In Perl I know that module. With it I can create a PDF in just 3 lines:
use PDF::FromImage;
...
my $pdf = PDF::FromImage->new;
$pdf->load_images(@allPagesDir);
$pdf->write_file($bookName . '.pdf');
I need to do something very similar to this, but in Python. I know the pyPdf module, but I would like something simple.
Upvotes: 151
Views: 266963
Reputation: 1
This script allows users to convert one or multiple images into a PDF file. It utilizes the FPDF library for PDF generation and Pillow (PIL) for image handling.
#!/usr/bin/env python3
from fpdf import FPDF
import os
from PIL import Image
def image_to_pdf_single(image_path, pdf_path):
pdf = FPDF()
with Image.open(image_path) as img:
img_width_px, img_height_px = img.size
img_dpi = img.info.get('dpi', (300, 300))[0]

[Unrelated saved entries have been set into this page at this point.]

(* Let $S$ be a semidomain that is additively reduced, additively Furstenberg, and satisfies $\mathscr{A}_+(S)=S^\times$, and let $G$ be a torsion-free abelian group. Let $f=s_0x^{g_0}+s_1x^{g_1}\in S[G]$ with $s_0,s_1\in S\setminus\{0\}$ and $g_0>g_1$ in $G$. Then: (1) if $s_0\in S^\times$ or $s_1\in S^\times$, then $f$ is irreducible; (2) if $s_0\notin S^\times$ and $s_1\notin S^\times$, then $f$ is the sum of two irreducible elements of $S[G]$.
   Context: A semidomain is a subsemiring (containing $0$ and $1$) of an integral domain; $S^\times$ is the unit group of the multiplicative monoid $S\setminus\{0\}$. $S$ is additively reduced if $0$ is the only invertible element of $(S,+)$. An additive atom is a nonzero $a\in S$ with $a=b+c$ implying $b=0$ or $c=0$; $\mathscr{A}_+(S)$ is the set of additive atoms. $S$ is additively Furstenberg if every nonzero $s\in S$ equals $a+t$ with $a\in\mathscr{A}_+(S)$, $t\in S$. $G$ carries a fixed total order compatible with addition. $S[G]$ is the semidomain of formal finite sums $\sum_{g\in G}s_gx^g$ with polynomial operations. $f\in S[G]$ is irreducible if it is nonzero, a nonunit, and $f=pq$ implies $p$ or $q$ is a unit of $S[G]$. *)

theory Defs
  imports Main "HOL-Library.Poly_Mapping"
begin

definition semidomain :: "'a::idom set \<Rightarrow> bool" where
  "semidomain S \<longleftrightarrow> 0 \<in> S \<and> 1 \<in> S \<and>
     (\<forall>a\<in>S. \<forall>b\<in>S. a + b \<in> S) \<and> (\<forall>a\<in>S. \<forall>b\<in>S. a * b \<in> S)"

definition sunits :: "'a::idom set \<Rightarrow> 'a set" where
  "sunits S = {u \<in> S - {0}. \<exists>v\<in>S - {0}. u * v = 1}"

definition add_reduced :: "'a::idom set \<Rightarrow> bool" where
  "add_reduced S \<longleftrightarrow> (\<forall>a\<in>S. (\<exists>b\<in>S. a + b = 0) \<longrightarrow> a = 0)"

definition add_atoms :: "'a::idom set \<Rightarrow> 'a set" where
  "add_atoms S = {a \<in> S. a \<noteq> 0 \<and> (\<forall>b\<in>S. \<forall>c\<in>S. a = b + c \<longrightarrow> b = 0 \<or> c = 0)}"

definition add_furstenberg :: "'a::idom set \<Rightarrow> bool" where
  "add_furstenberg S \<longleftrightarrow> (\<forall>s\<in>S - {0}. \<exists>a\<in>add_atoms S. \<exists>t\<in>S. s = a + t)"

definition torsion_free :: "'g::ab_group_add itself \<Rightarrow> bool" where
  "torsion_free _ \<longleftrightarrow> (\<forall>(g::'g) (n::nat). n > 0 \<longrightarrow> (\<Sum>i<n. g) = 0 \<longrightarrow> g = 0)"

text \<open>The semigroup semidomain S[G]: finitely supported functions G \<Rightarrow> S,
  inside the group algebra (finitely supported maps, with convolution product.\<close>
definition group_semiring :: "'a::idom set \<Rightarrow> ('g::monoid_add \<Rightarrow>\<^sub>0 'a) set" where
  "group_semiring S = {p. \<forall>g. Poly_Mapping.lookup p g \<in> S}"

definition gs_unit :: "'a::idom set \<Rightarrow> ('g::monoid_add \<Rightarrow>\<^sub>0 'a) \<Rightarrow> bool" where
  "gs_unit S u \<longleftrightarrow> u \<in> group_semiring S \<and> (\<exists>v\<in>group_semiring S. u * v = 1)"

definition gs_irreducible :: "'a::idom set \<Rightarrow> ('g::monoid_add \<Rightarrow>\<^sub>0 'a) \<Rightarrow> bool" where
  "gs_irreducible S f \<longleftrightarrow> f \<in> group_semiring S \<and> f \<noteq> 0 \<and> \<not> gs_unit S f \<and>
     (\<forall>p\<in>group_semiring S. \<forall>q\<in>group_semiring S. f = p * q \<longrightarrow> gs_unit S p \<or> gs_unit S q)"

end

theory Submission
  imports Defs
begin

text \<open>
  In an additively reduced semidomain no cancellation can occur in a product, so
  the support of \<open>p * q\<close> is the sumset of the supports of \<open>p\<close> and \<open>q\<close>.
  Over an ordered group, two factors with at least two exponents each produce at least
  three exponents \<open>a\<^sub>1 + b\<^sub>1 < a\<^sub>2 + b\<^sub>1 < a\<^sub>2 + b\<^sub>2\<close>; hence a binomial
  can only factor as monomial times binomial, and the monomial factor \<open>s x\<^sup>a\<close> is a unit
  as soon as \<open>s\<close> divides a unit coefficient of the binomial. If both coefficients are
  nonunits, split each as (atom) + (rest) and regroup:
  \<open>s\<^sub>0 x\<^sup>g\<^sup>0 + s\<^sub>1 x\<^sup>g\<^sup>1 = (a\<^sub>0 x\<^sup>g\<^sup>0 + t\<^sub>1 x\<^sup>g\<^sup>1) + (t\<^sub>0 x\<^sup>g\<^sup>0 + a\<^sub>1 x\<^sup>g\<^sup>1)\<close>,
  where the atoms \<open>a\<^sub>i\<close> are units and the rests \<open>t\<^sub>i\<close> are nonzero.
\<close>

lemma semidomain_sum_closed:
  assumes "semidomain S" "\<And>x. x \<in> A \<Longrightarrow> h x \<in> S"
  shows "sum h A \<in> S"
proof -
  have "sum h B \<in> S" if "finite B" "B \<subseteq> A" for B
    using that by (induction B rule: finite_induct) (use assms in \<open>auto simp: semidomain_def\<close>)
  then show ?thesis
    using assms(1) by (cases "finite A") (auto simp: semidomain_def)
qed

lemma add_reduced_sum_eq_0_iff:
  assumes "semidomain S" "add_reduced S" "finite A" "\<And>x. x \<in> A \<Longrightarrow> h x \<in> S"
  shows "sum h A = 0 \<longleftrightarrow> (\<forall>x\<in>A. h x = 0)"
  using assms(3,4)
proof (induction A rule: finite_induct)
  case (insert x F)
  have "sum h F \<in> S"
    using insert.prems by (intro semidomain_sum_closed[OF assms(1)]) auto
  then have "h x + sum h F = 0 \<longleftrightarrow> h x = 0 \<and> sum h F = 0"
    using assms(2) insert.prems add.commute[of "h x"] unfolding add_reduced_def by force
  with insert show ?case by simp
qed simp

lemma lookup_mult_group:
  fixes p q :: "'g::ab_group_add \<Rightarrow>\<^sub>0 'a::comm_semiring_0"
  shows "Poly_Mapping.lookup (p * q) k =
    (\<Sum>l\<in>Poly_Mapping.keys p. Poly_Mapping.lookup p l * Poly_Mapping.lookup q (k - l))"
proof -
  have "(\<Sum>r. Poly_Mapping.lookup q r when k = l + r) = Poly_Mapping.lookup q (k - l)" for l
  proof -
    have "\<And>r. (k = l + r) = (r = k - l)" by (auto simp: algebra_simps)
    then show ?thesis by simp
  qed
  then have "Poly_Mapping.lookup (p * q) k =
      (\<Sum>l. Poly_Mapping.lookup p l * Poly_Mapping.lookup q (k - l))"
    by (simp add: lookup_mult)
  also have "\<dots> = (\<Sum>l\<in>Poly_Mapping.keys p.
      Poly_Mapping.lookup p l * Poly_Mapping.lookup q (k - l))"
    by (rule Sum_any.expand_superset) (auto simp: in_keys_iff)
  finally show ?thesis .
qed

lemma keys_mult_group_semiring:
  fixes p q :: "'g::ab_group_add \<Rightarrow>\<^sub>0 'a::idom"
  assumes S: "semidomain S" "add_reduced S"
    and pq: "p \<in> group_semiring S" "q \<in> group_semiring S"
  shows "Poly_Mapping.keys (p * q) =
    {a + b | a b. a \<in> Poly_Mapping.keys p \<and> b \<in> Poly_Mapping.keys q}"
proof
  show "{a + b | a b. a \<in> Poly_Mapping.keys p \<and> b \<in> Poly_Mapping.keys q}
      \<subseteq> Poly_Mapping.keys (p * q)"
  proof clarify
    fix a b
    assume a: "a \<in> Poly_Mapping.keys p" and b: "b \<in> Poly_Mapping.keys q"
    let ?term = "\<lambda>l. Poly_Mapping.lookup p l * Poly_Mapping.lookup q (a + b - l)"
    have "?term l \<in> S" for l
      using S(1) pq unfolding semidomain_def group_semiring_def by auto
    then have "(\<Sum>l\<in>Poly_Mapping.keys p. ?term l) = 0 \<longleftrightarrow> (\<forall>l\<in>Poly_Mapping.keys p. ?term l = 0)"
      by (intro add_reduced_sum_eq_0_iff[OF S finite_keys])
    moreover have "?term a \<noteq> 0"
      using a b by (simp add: in_keys_iff)
    ultimately have "Poly_Mapping.lookup (p * q) (a + b) \<noteq> 0"
      unfolding lookup_mult_group using a by blast
    then show "a + b \<in> Poly_Mapping.keys (p * q)" by (simp add: in_keys_iff)
  qed
qed (rule keys_mult)

lemma sunits_left_factor:
  assumes "semidomain S" "s \<in> S" "t \<in> S" "s * t \<in> sunits S"
  shows "s \<in> sunits S"
proof -
  obtain w where w: "w \<in> S" "s * t * w = 1"
    using assms(4) by (auto simp: sunits_def)
  then have "t * w \<in> S" "s * (t * w) = 1"
    using assms(1,3) by (auto simp: semidomain_def mult.assoc)
  with assms(2) show ?thesis by (auto simp: sunits_def)
qed

lemma gs_unit_single:
  fixes a :: "'g::ab_group_add"
  assumes "semidomain S" "s \<in> sunits S"
  shows "gs_unit S (Poly_Mapping.single a s)"
proof -
  obtain t where t: "t \<in> S" "s * t = 1"
    using assms(2) by (auto simp: sunits_def)
  have "Poly_Mapping.single a s * Poly_Mapping.single (- a) t = 1"
    by (simp add: mult_single t(2))
  moreover have "Poly_Mapping.single b c \<in> group_semiring S" if "c \<in> S" for b c
    using that assms(1) by (auto simp: group_semiring_def lookup_single when_def semidomain_def)
  ultimately show ?thesis
    using assms(2) t(1) unfolding gs_unit_def sunits_def by blast
qed

lemma gs_unit_keys_singleton:
  fixes u :: "'g::ab_group_add \<Rightarrow>\<^sub>0 'a::idom"
  assumes "semidomain S" "add_reduced S" "gs_unit S u"
  shows "\<exists>a. Poly_Mapping.keys u = {a}"
proof -
  obtain v where v: "u \<in> group_semiring S" "v \<in> group_semiring S" "u * v = 1"
    using assms(3) by (auto simp: gs_unit_def)
  then have keys_uv: "{a + b | a b. a \<in> Poly_Mapping.keys u \<and> b \<in> Poly_Mapping.keys v} = {0}"
    using keys_mult_group_semiring[OF assms(1,2) v(1,2)] by simp
  have "u \<noteq> 0" "v \<noteq> 0" using v(3) by auto
  then obtain b where "b \<in> Poly_Mapping.keys v" and "Poly_Mapping.keys u \<noteq> {}" by fastforce
  moreover have "a = - b" if "a \<in> Poly_Mapping.keys u" for a
    using keys_uv that \<open>b \<in> Poly_Mapping.keys v\<close> by (auto simp: eq_neg_iff_add_eq_0)
  ultimately have "Poly_Mapping.keys u = {- b}" by blast
  then show ?thesis ..
qed

lemma gs_unit_if_monomial_factor:
  fixes p q :: "'g::ab_group_add \<Rightarrow>\<^sub>0 'a::idom"
  assumes S: "semidomain S"
    and pq: "p \<in> group_semiring S" "q \<in> group_semiring S"
    and p: "Poly_Mapping.keys p = {a}"
    and unit: "Poly_Mapping.lookup (p * q) h \<in> sunits S"
  shows "gs_unit S p"
proof -
  define s where "s = Poly_Mapping.lookup p a"
  have p_eq: "p = Poly_Mapping.single a s"
    by (rule poly_mapping_eqI) (use p in \<open>auto simp: s_def lookup_single when_def in_keys_iff\<close>)
  have "Poly_Mapping.lookup (p * q) h = s * Poly_Mapping.lookup q (h - a)"
    using p by (simp add: lookup_mult_group s_def)
  moreover have "s \<in> S" "Poly_Mapping.lookup q (h - a) \<in> S"
    using pq by (auto simp: group_semiring_def s_def)
  ultimately have "s \<in> sunits S"
    using sunits_left_factor[OF S] unit by metis
  then show ?thesis
    unfolding p_eq by (rule gs_unit_single[OF S])
qed

lemma card_keys_factor_le_1_if_card_keys_mult_le_2:
  fixes p q :: "'g::linordered_ab_group_add \<Rightarrow>\<^sub>0 'a::idom"
  assumes S: "semidomain S" "add_reduced S"
    and pq: "p \<in> group_semiring S" "q \<in> group_semiring S"
    and card_pq: "card (Poly_Mapping.keys (p * q)) \<le> 2"
  shows "card (Poly_Mapping.keys p) \<le> 1 \<or> card (Poly_Mapping.keys q) \<le> 1"
proof (rule ccontr)
  have two_keys: "\<exists>x\<in>Poly_Mapping.keys r. \<exists>y\<in>Poly_Mapping.keys r. x < y"
    if "\<not> card (Poly_Mapping.keys r) \<le> 1" for r :: "'g \<Rightarrow>\<^sub>0 'a"
    using that unfolding One_nat_def card_le_Suc0_iff_eq[OF finite_keys]
    by (metis linorder_neqE)
  assume "\<not> ?thesis"
  then obtain a1 a2 b1 b2 where
    a: "a1 \<in> Poly_Mapping.keys p" "a2 \<in> Poly_Mapping.keys p" "a1 < a2" and
    b: "b1 \<in> Poly_Mapping.keys q" "b2 \<in> Poly_Mapping.keys q" "b1 < b2"
    using two_keys by meson
  have "{a1 + b1, a2 + b1, a2 + b2} \<subseteq> Poly_Mapping.keys (p * q)"
    using a b by (auto simp: keys_mult_group_semiring[OF S pq])
  moreover have "a1 + b1 < a2 + b1" "a2 + b1 < a2 + b2" "a1 + b1 < a2 + b2"
    using a(3) b(3) add_strict_mono by simp_all
  then have "card {a1 + b1, a2 + b1, a2 + b2} = 3" by (auto simp: card_insert_if)
  ultimately have "3 \<le> card (Poly_Mapping.keys (p * q))"
    by (metis card_mono finite_keys)
  with card_pq show False by simp
qed

lemma gs_irreducible_binomial:
  fixes h0 h1 :: "'g::linordered_ab_group_add"
  assumes S: "semidomain S" "add_reduced S"
    and c: "c0 \<in> S - {0}" "c1 \<in> S - {0}" and h: "h0 \<noteq> h1"
    and unit: "c0 \<in> sunits S \<or> c1 \<in> sunits S"
  shows "gs_irreducible S (Poly_Mapping.single h0 c0 + Poly_Mapping.single h1 c1)"
    (is "gs_irreducible S ?f")
proof -
  have f_in: "?f \<in> group_semiring S"
    using S(1) c by (auto simp: group_semiring_def lookup_add lookup_single when_def semidomain_def)
  have keys_f: "Poly_Mapping.keys ?f = {h0, h1}"
    using c h by (auto simp: in_keys_iff lookup_add lookup_single when_def split: if_splits)
  have "Poly_Mapping.lookup ?f h0 = c0" "Poly_Mapping.lookup ?f h1 = c1"
    using h by (simp_all add: lookup_add lookup_single)
  with unit obtain h where h_unit: "Poly_Mapping.lookup ?f h \<in> sunits S" by metis
  have "\<not> gs_unit S ?f"
    using gs_unit_keys_singleton[OF S, of ?f] keys_f h by force
  moreover have "gs_unit S p \<or> gs_unit S q"
    if pq: "p \<in> group_semiring S" "q \<in> group_semiring S" and f_eq: "?f = p * q" for p q
  proof -
    have "p \<noteq> 0" "q \<noteq> 0" using f_eq keys_f by auto
    have monomial_unit: "gs_unit S x"
      if "x \<in> group_semiring S" "y \<in> group_semiring S" "x \<noteq> 0" "?f = x * y"
        "card (Poly_Mapping.keys x) \<le> 1" for x y
    proof -
      from that(3) obtain a where a: "a \<in> Poly_Mapping.keys x" by fastforce
      with that(5) have "Poly_Mapping.keys x = {a}"
        unfolding One_nat_def card_le_Suc0_iff_eq[OF finite_keys] by blast
      from gs_unit_if_monomial_factor[OF S(1) that(1,2) this] show ?thesis
        using h_unit that(4) by simp
    qed
    have "card (Poly_Mapping.keys (p * q)) \<le> 2"
      using f_eq keys_f h by simp
    from card_keys_factor_le_1_if_card_keys_mult_le_2[OF S pq this] show ?thesis
      using monomial_unit[of p q] monomial_unit[of q p] pq f_eq \<open>p \<noteq> 0\<close> \<open>q \<noteq> 0\<close>
      by (auto simp: mult.commute)
  qed
  ultimately show ?thesis
    using f_in keys_f unfolding gs_irreducible_def by auto
qed

theorem lemma3p4:
  fixes S :: "'a::idom set"
    and s0 s1 :: 'a
    and g0 g1 :: "'g::linordered_ab_group_add"
  assumes "semidomain S"
    and "add_reduced S"
    and "add_furstenberg S"
    and "add_atoms S = sunits S"
    and "torsion_free TYPE('g)"
    and "s0 \<in> S - {0}" and "s1 \<in> S - {0}"
    and "g0 > g1"
  defines "f \<equiv> Poly_Mapping.single g0 s0 + Poly_Mapping.single g1 s1"
  shows "(s0 \<in> sunits S \<or> s1 \<in> sunits S \<longrightarrow> gs_irreducible S f)
    \<and> (s0 \<notin> sunits S \<and> s1 \<notin> sunits S \<longrightarrow>
         (\<exists>p q. gs_irreducible S p \<and> gs_irreducible S q \<and> f = p + q))"
proof (intro conjI impI)
  have g: "g0 \<noteq> g1" using assms(8) by simp
  show "gs_irreducible S f" if "s0 \<in> sunits S \<or> s1 \<in> sunits S"
    unfolding f_def by (rule gs_irreducible_binomial[OF assms(1,2,6,7) g that])
  assume nonunits: "s0 \<notin> sunits S \<and> s1 \<notin> sunits S"
  obtain a0 t0 a1 t1 where atoms: "a0 \<in> sunits S" "a1 \<in> sunits S"
    and rests: "t0 \<in> S" "t1 \<in> S" and split: "s0 = a0 + t0" "s1 = a1 + t1"
    using assms(3,4,6,7) unfolding add_furstenberg_def by metis
  have "a0 \<in> S - {0}" "a1 \<in> S - {0}" "t0 \<in> S - {0}" "t1 \<in> S - {0}"
    using atoms rests split nonunits by (auto simp: sunits_def)
  then have "gs_irreducible S (Poly_Mapping.single g0 a0 + Poly_Mapping.single g1 t1)"
    "gs_irreducible S (Poly_Mapping.single g0 t0 + Poly_Mapping.single g1 a1)"
    using gs_irreducible_binomial[OF assms(1,2) _ _ g] atoms by simp_all
  moreover have "f = (Poly_Mapping.single g0 a0 + Poly_Mapping.single g1 t1)
      + (Poly_Mapping.single g0 t0 + Poly_Mapping.single g1 a1)"
    unfolding f_def split by (simp add: single_add algebra_simps)
  ultimately show "\<exists>p q. gs_irreducible S p \<and> gs_irreducible S q \<and> f = p + q" by blast
qed

end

img_width_mm = img_width_px / img_dpi * 25.4
img_height_mm = img_height_px / img_dpi * 25.4
print(img_width_mm)
page_width = 210
page_height = 297
scale_width = page_width / img_width_mm
scale_height = page_height / img_height_mm
scale = min(scale_width, scale_height)
new_width_mm = img_width_mm * scale
new_height_mm = img_height_mm * scale
x = (page_width - new_width_mm) / 2
y = (page_height - new_height_mm) / 2
pdf.add_page()
pdf.image(image_path, x=x, y=y, w=new_width_mm, h=new_height_mm)
pdf.output(pdf_path)
def image_to_pdf_multiple(mult_img, pdf_path):
pdf = FPDF()
for image_path in mult_img:
with Image.open(image_path) as img:
img_width_px, img_height_px = img.size
img_dpi = img.info.get('dpi', (300, 300))[0]
img_width_mm = img_width_px / img_dpi * 25.4
img_height_mm = img_height_px / img_dpi * 25.4
print(img_width_mm)
page_width = 210
page_height = 297
scale_width = page_width / img_width_mm
scale_height = page_height / img_height_mm
scale = min(scale_width, scale_height)
new_width_mm = img_width_mm * scale
new_height_mm = img_height_mm * scale
x = (page_width - new_width_mm) / 2
y = (page_height - new_height_mm) / 2
pdf.add_page()
pdf.image(image_path, x=x, y=y, w=new_width_mm, h=new_height_mm)
pdf.output(pdf_path)
if __name__ == "__main__":
option = input("1 for single image, 2 for multiple images: ")
if option == '1':
image_path = input("Enter image path/name pls -> ")
pdf_path = input("Enter pdf save loc/name pls -> ")
if os.path.exists(image_path):
image_to_pdf_single(image_path, pdf_path)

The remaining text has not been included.